|
|
Chan, Tim 2012-12-08, 18:48
After many joins, my relation's schema because very verbose.
For example:
e::d::c::b::a::column1:bytearray, e::d::c::b::a::column2:bytearray
Is there a way simplify the schema back to:
column1:bytearray, column2:bytearray
I seem to be able to achieve this by doing a STORE then LOAD, but this doesn't seem very efficient.
-
Re: Simplifying schema?
Jesse Jackson 2012-12-08, 19:28
Good Afternoon Tim, What I've done is in my next command is something like this:
NewBag = foreach oldBag generate e::d::c::b::a::column1 as column1, e::d::c::b::a::column2 as column2;
then your down to more manageable names.
-JJ
On Sat, Dec 8, 2012 at 1:48 PM, Chan, Tim <[EMAIL PROTECTED]> wrote: > After many joins, my relation's schema because very verbose. > > For example: > > e::d::c::b::a::column1:bytearray, e::d::c::b::a::column2:bytearray > > Is there a way simplify the schema back to: > > column1:bytearray, column2:bytearray > > I seem to be able to achieve this by doing a STORE then LOAD, but this > doesn't seem very efficient.
-
Re: Simplifying schema?
Lauren Blau 2012-12-10, 13:47
yeah, this is really annoying.
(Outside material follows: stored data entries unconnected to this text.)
(* Consider the composite SBMD method described in the context with uniform probabilities $p_1=\dots=p_b=1/b$, constant stepsizes \[ \gamma_k=\gamma=\min\left\{\frac1{2\bar L},\frac{\tilde D}{\sigma}\sqrt{\frac bN}\right\}\quad(k\ge1),\qquad \bar L:=\max_iL_i, \] for some $\tilde D>0$, and weights $\theta_1=0$, $\theta_{k+1}=b\gamma_k-(b-1)\gamma_{k+1}$ for $k\ge1$. Then \[ \mathbb{E}[\phi(\bar x_N)-\phi(x^* )]\le\frac{(b-1)[\phi(x_1)-\phi(x^* )]}{N}+\frac{2b\bar L\sum_{i=1}^bV_i(x_1^{(i)},x^{*(i)})}{N}+\frac{\sigma\sqrt b}{\sqrt N}\left[\frac{\sum_{i=1}^bV_i(x_1^{(i)},x^{*(i)})}{\tilde D}+\tilde D\right], \] where $x^*$ is an optimal solution of $\min_{x\in X}\phi(x)$ and $\sigma=(\sum_{i=1}^b\sigma_i^2)^{1/2}$.
   Context: Block structure: for $i=1,\dots,b$, $X_i\subseteq\mathbb{R}^{n_i}$ is a nonempty closed convex set, $X=X_1\times\cdots\times X_b\subseteq\mathbb{R}^n$. Each $\mathbb{R}^{n_i}$ carries a norm $\|\cdot\|_i$ with dual $\|\cdot\|_{i,*}$; $U_i\in\mathbb{R}^{n\times n_i}$ satisfy $(U_1,\dots,U_b)=I_n$, $x^{(i)}:=U_i^Tx$. Problem: $\phi(x)=f(x)+\chi(x)$ on $X$, where $f(x)=\mathbb{E}[F(x,\xi)]$ is convex and differentiable with gradient $g$, $g_i:=U_i^Tg$, and $\|g_i(x+U_i\rho)-g_i(x)\|_{i,*}\le L_i\|\rho\|_i$ whenever $x,x+U_i\rho\in X$; $\chi(x)=\sum_{i=1}^b\chi_i(x^{(i)})$ with each $\chi_i:\mathbb{R}^{n_i}\to\mathbb{R}$ closed convex. A stochastic oracle returns $G(x,\xi)$ with $\mathbb{E}[G(x,\xi)]=g(x)$ and $\mathbb{E}[\|G_i(x,\xi)-g_i(x)\|_{i,*}^2]\le\sigma_i^2$ for all $x\in X$ ($G_i=U_i^TG$); assume $\sigma>0$. The problem has an optimal solution $x^*$. Prox setup: $\omega_i:X_i\to\mathbb{R}$ continuously differentiable, 1-strongly convex w.r.t. $\|\cdot\|_i$; $V_i(z,x)=\omega_i(x)-\omega_i(z)-\langle\nabla\omega_i(z),x-z\rangle$; $\mathcal P_i(x,y,\gamma)=\arg\min_{z\in X_i}\{\langle y,z-x\rangle+\frac1\gamma V_i(x,z)+\chi_i(z)\}$. Composite SBMD method: given $x_1\in X$; $\xi_1,\xi_2,\dots$ i.i.d. copies of $\xi$, $i_1,i_2,\dots$ i.i.d. with $\mathrm{Prob}(i_k=i)=p_i$, independent of the $\xi_k$. For $k=1,\dots,N$: $x_{k+1}^{(i_k)}=\mathcal P_{i_k}(x_k^{(i_k)},G_{i_k}(x_k,\xi_k),\gamma_k)$, $x_{k+1}^{(i)}=x_k^{(i)}$ for $i\ne i_k$. Output $\bar x_N=\left(\sum_{k=2}^{N+1}\theta_k\right)^{-1}\sum_{k=2}^{N+1}\theta_kx_k$. Expectations w.r.t. $\{i_k\},\{\xi_k\}$. *)

theory Defs
  imports "HOL-Probability.Probability"
begin

text \<open>Block structure on R^n = real^'n: the coordinates are partitioned into blocks
  via blk :: 'n => nat (block labels in 1..b).  Block i vectors x^(i) = U_i^T x are
  represented as the vectors of real^'n supported on the coordinates of block i;
  U_i x^(i) is then the same vector.\<close>

definition blkspace :: "('n::finite \<Rightarrow> nat) \<Rightarrow> nat \<Rightarrow> (real^'n) set" where
  "blkspace blk i = {u. \<forall>j. blk j \<noteq> i \<longrightarrow> u $ j = 0}"

definition blkproj :: "('n::finite \<Rightarrow> nat) \<Rightarrow> nat \<Rightarrow> real^'n \<Rightarrow> real^'n" where
  "blkproj blk i x = (\<chi> j. if blk j = i then x $ j else 0)"

definition norm_on :: "'a::real_vector set \<Rightarrow> ('a \<Rightarrow> real) \<Rightarrow> bool" where
  "norm_on E N \<longleftrightarrow>
     (\<forall>u\<in>E. 0 \<le> N u \<and> (N u = 0 \<longleftrightarrow> u = 0)) \<and>
     (\<forall>u\<in>E. \<forall>c. N (c *\<^sub>R u) = \<bar>c\<bar> * N u) \<and>
     (\<forall>u\<in>E. \<forall>v\<in>E. N (u + v) \<le> N u + N v)"

definition dual_norm :: "'a::real_inner set \<Rightarrow> ('a \<Rightarrow> real) \<Rightarrow> 'a \<Rightarrow> real" where
  "dual_norm E N y = Sup {y \<bullet> z | z. z \<in> E \<and> N z \<le> 1}"

definition strongly_convex_wrt :: "'a::real_vector set \<Rightarrow> ('a \<Rightarrow> real) \<Rightarrow> ('a \<Rightarrow> real) \<Rightarrow> bool" where
  "strongly_convex_wrt S N w \<longleftrightarrow>
     (\<forall>x\<in>S. \<forall>z\<in>S. \<forall>t::real. 0 \<le> t \<and> t \<le> 1 \<longrightarrow>
        w (t *\<^sub>R x + (1 - t) *\<^sub>R z) \<le> t * w x + (1 - t) * w z - t * (1 - t) / 2 * (N (x - z))^2)"

definition bregman :: "('a::real_inner \<Rightarrow> real) \<Rightarrow> ('a \<Rightarrow> 'a) \<Rightarrow> 'a \<Rightarrow> 'a \<Rightarrow> real" where
  "bregman w gw z x = w x - w z - gw z \<bullet> (x - z)"

definition prox :: "'a::real_inner set \<Rightarrow> ('a \<Rightarrow> real) \<Rightarrow> ('a \<Rightarrow> 'a) \<Rightarrow> ('a \<Rightarrow> real)
                     \<Rightarrow> 'a \<Rightarrow> 'a \<Rightarrow> real \<Rightarrow> 'a" where
  "prox S w gw chi x y gm =
     (SOME z. z \<in> S \<and> (\<forall>u\<in>S. y \<bullet> (z - x) + bregman w gw x z / gm + chi z
                              \<le> y \<bullet> (u - x) + bregman w gw x u / gm + chi u))"

definition sbmd_step ::
  "('n::finite \<Rightarrow> nat) \<Rightarrow> (nat \<Rightarrow> (real^'n) set) \<Rightarrow> (nat \<Rightarrow> real^'n \<Rightarrow> real)
   \<Rightarrow> (nat \<Rightarrow> real^'n \<Rightarrow> real^'n) \<Rightarrow> (nat \<Rightarrow> real^'n \<Rightarrow> real)
   \<Rightarrow> (real^'n \<Rightarrow> 'e \<Rightarrow> real^'n) \<Rightarrow> real \<Rightarrow> real^'n \<Rightarrow> nat \<times> 'e \<Rightarrow> real^'n" where
  "sbmd_step blk Xb w gw chi G gm x ie =
     (case ie of (i, e) \<Rightarrow>
        x - blkproj blk i x
          + prox (Xb i) (w i) (gw i) (chi i) (blkproj blk i x) (blkproj blk i (G x e)) gm)"

text \<open>Iterates: sbmd_x ... om k is x_k for k >= 1, where om k = (i_k, xi_k).\<close>
fun sbmd_x ::
  "('n::finite \<Rightarrow> nat) \<Rightarrow> (nat \<Rightarrow> (real^'n) set) \<Rightarrow> (nat \<Rightarrow> real^'n \<Rightarrow> real)
   \<Rightarrow> (nat \<Rightarrow> real^'n \<Rightarrow> real^'n) \<Rightarrow> (nat \<Rightarrow> real^'n \<Rightarrow> real)
   \<Rightarrow> (real^'n \<Rightarrow> 'e \<Rightarrow> real^'n) \<Rightarrow> (nat \<Rightarrow> real) \<Rightarrow> real^'n
   \<Rightarrow> (nat \<Rightarrow> nat \<times> 'e) \<Rightarrow> nat \<Rightarrow> real^'n" where
  "sbmd_x blk Xb w gw chi G gam x1 om 0 = x1"
| "sbmd_x blk Xb w gw chi G gam x1 om (Suc 0) = x1"
| "sbmd_x blk Xb w gw chi G gam x1 om (Suc (Suc k)) =
     sbmd_step blk Xb w gw chi G (gam (Suc k)) (sbmd_x blk Xb w gw chi G gam x1 om (Suc k)) (om (Suc k))"

definition sbmd_avg :: "(nat \<Rightarrow> real) \<Rightarrow> (nat \<Rightarrow> 'a::real_vector) \<Rightarrow> nat \<Rightarrow> 'a" where
  "sbmd_avg \<theta> xs N = inverse (\<Sum>k=2..N+1. \<theta> k) *\<^sub>R (\<Sum>k=2..N+1. \<theta> k *\<^sub>R xs k)"

end

theory Submission
  imports Defs
begin

text \<open>With the constant stepsize gm the output is the plain average of x_2, ..., x_{N+1}.
  For one step on the uniformly chosen block, the three-point inequality of the prox mapping,
  the block descent lemma (with gm L_i \<le> 1/2) and the 1-strong convexity of the distance
  generating functions show that lyap x = b gm (\<phi> x - \<phi> x*) + b \<Sigma>_i V_i(x^(i), x*^(i)) satisfies
  E lyap x_{k+1} \<le> lyap x_k - gm (\<phi> x_k - \<phi> x*) + gm^2 \<sigma>^2 in expectation over (i_k, \<xi>_k).
  Telescoping, together with Jensen's inequality for the convex \<phi>, bounds
  N gm E (\<phi> (avg) - \<phi> x*) by (b - 1) gm (\<phi> x_1 - \<phi> x*) + b \<Sigma>_i V_i + N gm^2 \<sigma>^2, and the
  choice of gm balances the last two terms.\<close>

section \<open>Block coordinates\<close>

lemma blkproj_in_blkspace [simp]: "blkproj blk i x \<in> blkspace blk i"
  by (simp add: blkspace_def blkproj_def)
I'd love to see an option to automatically strip these 'parentage' values for unique names. On Sat, Dec 8, 2012 at 1:48 PM, Chan, Tim <[EMAIL PROTECTED]> wrote: > After many joins, my relation's schema because very verbose. > > For example: > > e::d::c::b::a::column1:bytearray, e::d::c::b::a::column2:bytearray > > Is there a way simplify the schema back to: > > column1:bytearray, column2:bytearray > > I seem to be able to achieve this by doing a STORE then LOAD, but this > doesn't seem very efficient.
-
Re: Simplifying schema?
Aaron Zimmerman 2012-12-10, 13:52
You still can reference the columns by their name (column1, column2), the only time you'd need to use the fully qualified name is if you have duplicated column names. In this case, they would have different qualifier strings (as they came from differently named relations). That could happen if you load from more than one data source, or if you do a self join. On 12/10/12 7:47 AM, "Lauren Blau" <[EMAIL PROTECTED]> wrote:
>yeah, this is really annoying. I'd love to see an option to >automatically strip these 'parentage' values for unique names. > > >On Sat, Dec 8, 2012 at 1:48 PM, Chan, Tim <[EMAIL PROTECTED]> wrote: >> After many joins, my relation's schema because very verbose. >> >> For example: >> >> e::d::c::b::a::column1:bytearray, e::d::c::b::a::column2:bytearray >> >> Is there a way simplify the schema back to: >> >> column1:bytearray, column2:bytearray >> >> I seem to be able to achieve this by doing a STORE then LOAD, but this >> doesn't seem very efficient.
|
|